Yetersiz beslenme,açlık ve gelir dağılımındaki eşitsizlik ne yazık ki,günümüzde dünya toplumlarının pek çoğunda,sorun olmaya devam etmektedir.Oysa,insanın varlığını devam ettirebilmesi için,yeme,içme,barınma,giyinme gibi fizyolojik ihtiyaçlarını asgari düzeyde karşılaması gerekmektedir.

        Bu nedenle, insan kendisinin ve yakınlarının zorunlu ihtiyaçlarını karşılamak,içinde yaşadığı topluma faydalı olmak için,devamlı surette çalışmak mecburiyetindedir.Zira ailesinin rızkını temin etmek üzere meşru yollardan çalışmak,kazanmak,üretmek,bir kimseye ibadet sevabı kazandıran erdemli bir davranıştır.Çünkü;’’İnsanın yediği şeylerin en güzeli,kendi kazancından olandır.’’(Nesai,Büyu’,1)

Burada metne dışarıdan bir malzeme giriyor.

(* Let $\xi\ge 0$. For every set $E\subset\mathbb{R}_+$, $$\mathrm{Dim}_H E=\inf\Big\{\rho>0:\ \sum_{n\ge -1}\widetilde{\nu}^n_{\rho,\xi}(E)<+\infty\Big\},$$ where for $\rho>0$ and $n\ge -1$, $$\widetilde{\nu}^n_{\rho,\xi}(E)=\inf\Big\{\sum_{i=1}^m\Big(\frac{\mathrm{diam}(I_i)}{2^n}\Big)^\rho\Big|\log_2\frac{\mathrm{diam}(I_i)}{2^n}\Big|^\xi:\ \{I_i\}_{i=1}^m\in\mathcal{I}_n(E)\Big\}.$$
   Context: Let $S_{-1}=[0,1/2)$ and $S_n=[2^{n-1},2^n)$ for $n\ge 0$. For $E\subset\mathbb{R}_+$ and $n\ge -1$, $\mathcal{I}_n(E)$ is the set of finite families $\{I_i\}_{i=1}^m$ of intervals $I_i=[x_i,y_i]$ with $x_i,y_i\in\mathbb{N}$, $y_i>x_i$, $I_i\subset S_n$, and $E\cap S_n\subset\bigcup_i I_i$; $\mathrm{diam}([a,b])=b-a$. For $\rho\ge0$, $\nu^n_\rho(E)=\inf\{\sum_{i=1}^m (\mathrm{diam}(I_i)/2^n)^\rho : \{I_i\}\in\mathcal{I}_n(E)\}$, and the macroscopic Hausdorff dimension is $\mathrm{Dim}_H E=\inf\{\rho>0:\sum_{n\ge-1}\nu^n_\rho(E)<\infty\}$. *)

theory Defs
  imports "HOL-Analysis.Analysis"
begin

definition shell :: "int \<Rightarrow> real set" where
  "shell n = (if n = -1 then {0..<1/2} else {2 powr (real_of_int n - 1)..<2 powr (real_of_int n)})"

text \<open>I_n(E): finite families of integer-endpoint intervals [x,y] (x<y), contained in S(n),
  covering E \<inter> S(n). A family is encoded as a finite set of endpoint pairs.\<close>
definition covers :: "int \<Rightarrow> real set \<Rightarrow> (nat \<times> nat) set set" where
  "covers n E = {F. finite F \<and> (\<forall>(x,y)\<in>F. x < y \<and> {real x..real y} \<subseteq> shell n)
      \<and> E \<inter> shell n \<subseteq> (\<Union>(x,y)\<in>F. {real x..real y})}"

text \<open>nu^n_rho(E); the infimum over an empty family of covers is +infinity.\<close>
definition nu :: "int \<Rightarrow> real \<Rightarrow> real set \<Rightarrow> ennreal" where
  "nu n \<rho> E = (INF F\<in>covers n E.
      ennreal (\<Sum>(x,y)\<in>F. ((real y - real x) / 2 powr real_of_int n) powr \<rho>))"

definition nu_log :: "int \<Rightarrow> real \<Rightarrow> real \<Rightarrow> real set \<Rightarrow> ennreal" where
  "nu_log n \<rho> \<xi> E = (INF F\<in>covers n E.
      ennreal (\<Sum>(x,y)\<in>F. ((real y - real x) / 2 powr real_of_int n) powr \<rho>
                 * \<bar>log 2 ((real y - real x) / 2 powr real_of_int n)\<bar> powr \<xi>))"

text \<open>Macroscopic Hausdorff dimension; sums over n >= -1 are indexed by k = n+1.
  Infimum of the empty set is +infinity (in ereal).\<close>
definition macro_dimH :: "real set \<Rightarrow> ereal" where
  "macro_dimH E = Inf {ereal \<rho> | \<rho>. \<rho> > 0 \<and> (\<Sum>k. nu (int k - 1) \<rho> E) < \<infinity>}"

end

theory Submission
  imports Defs
begin

text \<open>Every interval of a cover in \<open>I\<^sub>n(E)\<close> has relative size \<open>r = diam(I)/2^n\<close> in
  \<open>(0, 1/2)\<close>. There \<open>|log\<^sub>2 r| \<ge> 1\<close>, so the logarithmic factor only increases the
  covering sums, while \<open>r^\<epsilon> |log\<^sub>2 r|^\<xi>\<close> stays bounded for every \<open>\<epsilon> > 0\<close>.
  Hence, uniformly in \<open>n\<close>, the modified quantity at exponent \<open>\<rho>\<close> lies between
  \<open>\<nu>\<^sup>n\<^sub>\<rho>(E)\<close> and \<open>C\<^sub>\<epsilon> \<nu>\<^sup>n\<^sub>\<rho>\<^sub>-\<^sub>\<epsilon>(E)\<close>, and the two sets of
  exponents with finite sum have the same infimum.\<close>

lemma ln_le_powr_div:
  fixes x d :: real
  assumes "0 < x" "0 < d"
  shows "ln x \<le> x powr d / d"
proof -
  have "d * ln x = ln (x powr d)" using assms by (simp add: ln_powr)
  also have "\<dots> \<le> x powr d" using assms by (intro ln_bound) simp
  finally show ?thesis using assms by (simp add: pos_le_divide_eq mult.commute)
qed

lemma powr_mult_abs_log_powr_le:
  fixes r \<epsilon> \<xi> :: real
  assumes "0 < r" "r \<le> 1" "0 < \<epsilon>" "0 \<le> \<xi>"
  shows "r powr \<epsilon> * \<bar>log 2 r\<bar> powr \<xi> \<le> ((\<xi> + 1) / (\<epsilon> * ln 2)) powr \<xi>"
proof -
  define d where "d = \<epsilon> / (\<xi> + 1)"
  define K where "K = (\<xi> + 1) / (\<epsilon> * ln 2)"
  have d: "0 < d" and K: "0 < K" using assms by (simp_all add: d_def K_def)
  have "\<bar>log 2 r\<bar> = ln (1 / r) / ln 2"
    using assms by (simp add: log_def ln_div)
  also have "\<dots> \<le> (1 / r) powr d / d / ln 2"
    using assms d by (intro divide_right_mono ln_le_powr_div) auto
  also have "\<dots> = r powr (- d) * K"
    using assms by (simp add: d_def K_def powr_minus_divide powr_divide)
  finally have "\<bar>log 2 r\<bar> powr \<xi> \<le> (r powr (- d) * K) powr \<xi>"
    using assms by (intro powr_mono2) auto
  also have "\<dots> = r powr (- d * \<xi>) * K powr \<xi>"
    using assms K by (simp add: powr_mult powr_powr)
  finally have "r powr \<epsilon> * \<bar>log 2 r\<bar> powr \<xi> \<le> r powr (\<epsilon> - d * \<xi>) * K powr \<xi>"
    using assms by (simp add: mult_left_mono powr_diff powr_minus_divide field_simps)
  also have "\<dots> \<le> K powr \<xi>"
  proof -
    have "d * \<xi> \<le> \<epsilon>" using assms by (simp add: d_def field_simps)
    then have "r powr (\<epsilon> - d * \<xi>) \<le> 1" using assms by (intro powr_le1) auto
    then show ?thesis by (simp add: mult_left_le_one_le)
  qed
  finally show ?thesis by (simp add: K_def)
qed

lemma ennreal_mult_INF:
  fixes c :: ennreal and g :: "'a \<Rightarrow> ennreal"
  assumes "0 < c" "c < top"
  shows "c * (INF x\<in>S. g x) = (INF x\<in>S. c * g x)"
proof (cases "S = {}")
  case True
  then show ?thesis using assms by (simp add: ennreal_mult_top)
next
  case False
  have "c * Inf (g ` S) = Inf ((*) c ` g ` S)"
  proof (rule continuous_at_Inf_mono)
    show "mono ((*) c)" by (simp add: mono_def mult_left_mono)
    show "continuous (at_right (Inf (g ` S))) ((*) c)"
      using ennreal_continuous_on_cmult[OF assms(2) continuous_on_id, of UNIV]
      by (simp add: continuous_on_eq_continuous_at continuous_at_imp_continuous_at_within)
  qed (use False in auto)
  then show ?thesis by (simp add: image_image)
qed

lemma covers_relative_diam_bounds:
  assumes "F \<in> covers n E" "(x, y) \<in> F"
  shows "0 < (real y - real x) / 2 powr real_of_int n"
    and "(real y - real x) / 2 powr real_of_int n < 1/2"
proof -
  have "x < y" and "{real x..real y} \<subseteq> shell n"
    using assms by (auto simp: covers_def)
  then have xy: "real x \<in> shell n" "real y \<in> shell n" by auto
  show "0 < (real y - real x) / 2 powr real_of_int n" using \<open>x < y\<close> by simp
  \<comment> \<open>No integer interval fits into \<open>S\<^sub>-\<^sub>1 = [0, 1/2)\<close>, so only \<open>n \<ge> 0\<close> occurs here.\<close>
  have "n \<noteq> -1" using \<open>x < y\<close> xy(2) by (auto simp: shell_def)
  then have "2 powr (real_of_int n) / 2 \<le> real x" "real y < 2 powr real_of_int n"
    using xy by (auto simp: shell_def powr_diff)
  then show "(real y - real x) / 2 powr real_of_int n < 1/2"
    by (simp add: divide_less_eq)
qed

lemma INF_covers_mono:
  fixes f g :: "real \<Rightarrow> real"
  assumes "\<And>r. 0 < r \<Longrightarrow> r < 1/2 \<Longrightarrow> f r \<le> g r"
  shows "(INF F\<in>covers n E. ennreal (\<Sum>(x,y)\<in>F. f ((real y - real x) / 2 powr real_of_int n)))
       \<le> (INF F\<in>covers n E. ennreal (\<Sum>(x,y)\<in>F. g ((real y - real x) / 2 powr real_of_int n)))"
proof (rule INF_mono)
  fix F assume F: "F \<in> covers n E"
  have "(\<Sum>(x,y)\<in>F. f ((real y - real x) / 2 powr real_of_int n))
      \<le> (\<Sum>(x,y)\<in>F. g ((real y - real x) / 2 powr real_of_int n))"
    using assms covers_relative_diam_bounds[OF F] by (intro sum_mono) auto
  with F show "\<exists>F'\<in>covers n E.
      ennreal (\<Sum>(x,y)\<in>F'. f ((real y - real x) / 2 powr real_of_int n))
      \<le> ennreal (\<Sum>(x,y)\<in>F. g ((real y - real x) / 2 powr real_of_int n))"
    by (auto intro: ennreal_leI)
qed

lemma nu_le_nu_log:
  assumes "0 \<le> \<xi>"
  shows "nu n \<rho> E \<le> nu_log n \<rho> \<xi> E"
proof -
  have "r powr \<rho> \<le> r powr \<rho> * \<bar>log 2 r\<bar> powr \<xi>" if "0 < r" "r < 1/2" for r :: real
  proof -
    have "log 2 r < log 2 (1/2)" using that by simp
    then have "1 \<le> \<bar>log 2 r\<bar>" by (simp add: log_divide)
    then have "1 \<le> \<bar>log 2 r\<bar> powr \<xi>" using assms by (simp add: ge_one_powr_ge_zero)
    then show ?thesis by (simp add: mult_le_cancel_left1)
  qed
  then show ?thesis
    unfolding nu_def nu_log_def
    using INF_covers_mono[where f = "\<lambda>r. r powr \<rho>" and g = "\<lambda>r. r powr \<rho> * \<bar>log 2 r\<bar> powr \<xi>"]
    by simp
qed

lemma nu_log_le_const_mult_nu:
  assumes "0 \<le> \<xi>" "\<rho> < \<rho>'"
  defines "C \<equiv> ((\<xi> + 1) / ((\<rho>' - \<rho>) * ln 2)) powr \<xi>"
  shows "nu_log n \<rho>' \<xi> E \<le> ennreal C * nu n \<rho> E"
proof -
  have C: "0 < C" using assms by (simp add: C_def)
  have "r powr \<rho>' * \<bar>log 2 r\<bar> powr \<xi> \<le> C * r powr \<rho>" if "0 < r" "r < 1/2" for r :: real
  proof -
    have "r powr \<rho>' * \<bar>log 2 r\<bar> powr \<xi> = r powr \<rho> * (r powr (\<rho>' - \<rho>) * \<bar>log 2 r\<bar> powr \<xi>)"
      using that by (simp add: powr_diff)
    also have "\<dots> \<le> r powr \<rho> * C"
      unfolding C_def using that assms by (intro mult_left_mono powr_mult_abs_log_powr_le) auto
    finally show ?thesis by (simp add: mult.commute)
  qed
  then have "nu_log n \<rho>' \<xi> E
      \<le> (INF F\<in>covers n E. ennreal (\<Sum>(x,y)\<in>F. C * ((real y - real x) / 2 powr real_of_int n) powr \<rho>))"
    unfolding nu_log_def
    using INF_covers_mono[where f = "\<lambda>r. r powr \<rho>' * \<bar>log 2 r\<bar> powr \<xi>" and g = "\<lambda>r. C * r powr \<rho>"]
    by simp
  also have "\<dots> = (INF F\<in>covers n E.
      ennreal C * ennreal (\<Sum>(x,y)\<in>F. ((real y - real x) / 2 powr real_of_int n) powr \<rho>))"
    using C by (simp add: sum_distrib_left[symmetric] case_prod_unfold ennreal_mult')
  also have "\<dots> = ennreal C * nu n \<rho> E"
    unfolding nu_def using C by (intro ennreal_mult_INF[symmetric]) auto
  finally show ?thesis .
qed

lemma Inf_ereal_Collect_eq_if_interleaved:
  assumes "\<And>\<rho>. Q \<rho> \<Longrightarrow> P \<rho>" and "\<And>\<rho> \<rho>'. P \<rho> \<Longrightarrow> \<rho> < \<rho>' \<Longrightarrow> Q \<rho>'"
  shows "Inf {ereal \<rho> | \<rho>. P \<rho>} = Inf {ereal \<rho> | \<rho>. Q \<rho>}"
proof (rule antisym)
  show "Inf {ereal \<rho> | \<rho>. P \<rho>} \<le> Inf {ereal \<rho> | \<rho>. Q \<rho>}"
    using assms(1) by (intro Inf_superset_mono) auto
  show "Inf {ereal \<rho> | \<rho>. Q \<rho>} \<le> Inf {ereal \<rho> | \<rho>. P \<rho>}"
  proof (rule Inf_greatest)
    fix z assume "z \<in> {ereal \<rho> | \<rho>. P \<rho>}"
    then obtain \<rho> where "z = ereal \<rho>" "P \<rho>" by auto
    moreover have "Inf {ereal \<rho> | \<rho>. Q \<rho>} \<le> ereal \<rho> + ereal e" if "0 < e" for e
      using assms(2)[OF \<open>P \<rho>\<close>, of "\<rho> + e"] that by (intro Inf_lower) auto
    ultimately show "Inf {ereal \<rho> | \<rho>. Q \<rho>} \<le> z" by (auto intro: ereal_le_epsilon2)
  qed
qed

theorem lemma3:
  fixes \<xi> :: real and E :: "real set"
  assumes "\<xi> \<ge> 0" and "E \<subseteq> {0..}"
  shows "macro_dimH E =
    Inf {ereal \<rho> | \<rho>. \<rho> > 0 \<and> (\<Sum>k. nu_log (int k - 1) \<rho> \<xi> E) < \<infinity>}"
  unfolding macro_dimH_def
proof (rule Inf_ereal_Collect_eq_if_interleaved)
  fix \<rho> :: real
  assume "\<rho> > 0 \<and> (\<Sum>k. nu_log (int k - 1) \<rho> \<xi> E) < \<infinity>"
  moreover have "(\<Sum>k. nu (int k - 1) \<rho> E) \<le> (\<Sum>k. nu_log (int k - 1) \<rho> \<xi> E)"
    using nu_le_nu_log[OF assms(1)] by (intro suminf_le) auto
  ultimately show "\<rho> > 0 \<and> (\<Sum>k. nu (int k - 1) \<rho> E) < \<infinity>" by auto
next
  fix \<rho> \<rho>' :: real
  assume \<rho>: "\<rho> > 0 \<and> (\<Sum>k. nu (int k - 1) \<rho> E) < \<infinity>" and "\<rho> < \<rho>'"
  obtain C where "\<And>n. nu_log n \<rho>' \<xi> E \<le> ennreal C * nu n \<rho> E"
    using nu_log_le_const_mult_nu[OF assms(1) \<open>\<rho> < \<rho>'\<close>] by blast
  then have "(\<Sum>k. nu_log (int k - 1) \<rho>' \<xi> E) \<le> (\<Sum>k. ennreal C * nu (int k - 1) \<rho> E)"
    by (intro suminf_le) auto
  also have "\<dots> = ennreal C * (\<Sum>k. nu (int k - 1) \<rho> E)" by simp
  also have "\<dots> < \<infinity>" using \<rho> by (simp add: ennreal_mult_less_top)
  finally show "\<rho>' > 0 \<and> (\<Sum>k. nu_log (int k - 1) \<rho>' \<xi> E) < \<infinity>"
    using \<rho> \<open>\<rho> < \<rho>'\<close> by auto
qed

end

          Tüm insanlar özgür ve eşit olarak doğarlar.Ancak,iktidar,güç,isteği ve tutkusu,bazı toplumları,devletleri,insanları kibire,gurura,mal ve para biriktirme,sömürme,hükmetme,her şeye sahip olma hırsına yöneltir.Altın,petrol,değerli madenler,araziler gibi dünyanın maddi değerlerine,nimetlerine sadece kendileri sahip olmak isterler.Onunla diğer insanlara üstünlük taslamak,hakimiyet kurmaya çalışırlar.

        Zor işlerde başkalarını çalıştırırlar...Karınlarını doyuramayacak,açlık sınırında ücretle onları sömürürler…Aldatırlar,entrikalar çevirirler,düzenler kurarlar…Bölüp parçalarlar ,toplumları birbirine düşürürler…

         Kendi konforlarını,iktidarlarını,rahatlarını sürdürmek,rant paylaşımından aslan payını almak,haksız kazanç elde etmek için yaparlar bütün bunları…

          Bir tarafta bir eli yağda,bir eli balda aşırı lüks,israf ve gösteriş içinde yaşayanlar;diğer yanda varlık- yokluk mücadelesi verenler…Maslow’un ‘’İhtiyaçlar Hiyerarşisi’’nin daha ilk basamağında yer alan fizyolojik ihtiyaçlarını bile karşılayamayan açlık sınırındaki insanlar…Sağlıktan,barınmaya,gıdadan,giyinmeye kadar temel insani haklardan mahrum olanlar…

         Necip Fazıl Kısakürek’in ifadesiyle;

 ‘’Allah’ın on pulunu bekleyedursun on kul;

  Bir kişiye tam dokuz,dokuz kişiye bir pul,

  Bu taksimi kurt yapmaz kuzulara şah olsa;

  Yaşasın,kefenimin kefili karaborsa!’’

         Halbuki,dini kaynaklarımızda da,mal,servet gibi toplum olarak üretilen maddi değerlerin sadece zenginler arasında dolaşan bir kudret ve üstünlük aracı olması hoş görülmemiştir.(Haşr,7)Sosyal adaletin sağlanması, refahın toplumun geniş kesimlerine yayılması öngörülmüştür.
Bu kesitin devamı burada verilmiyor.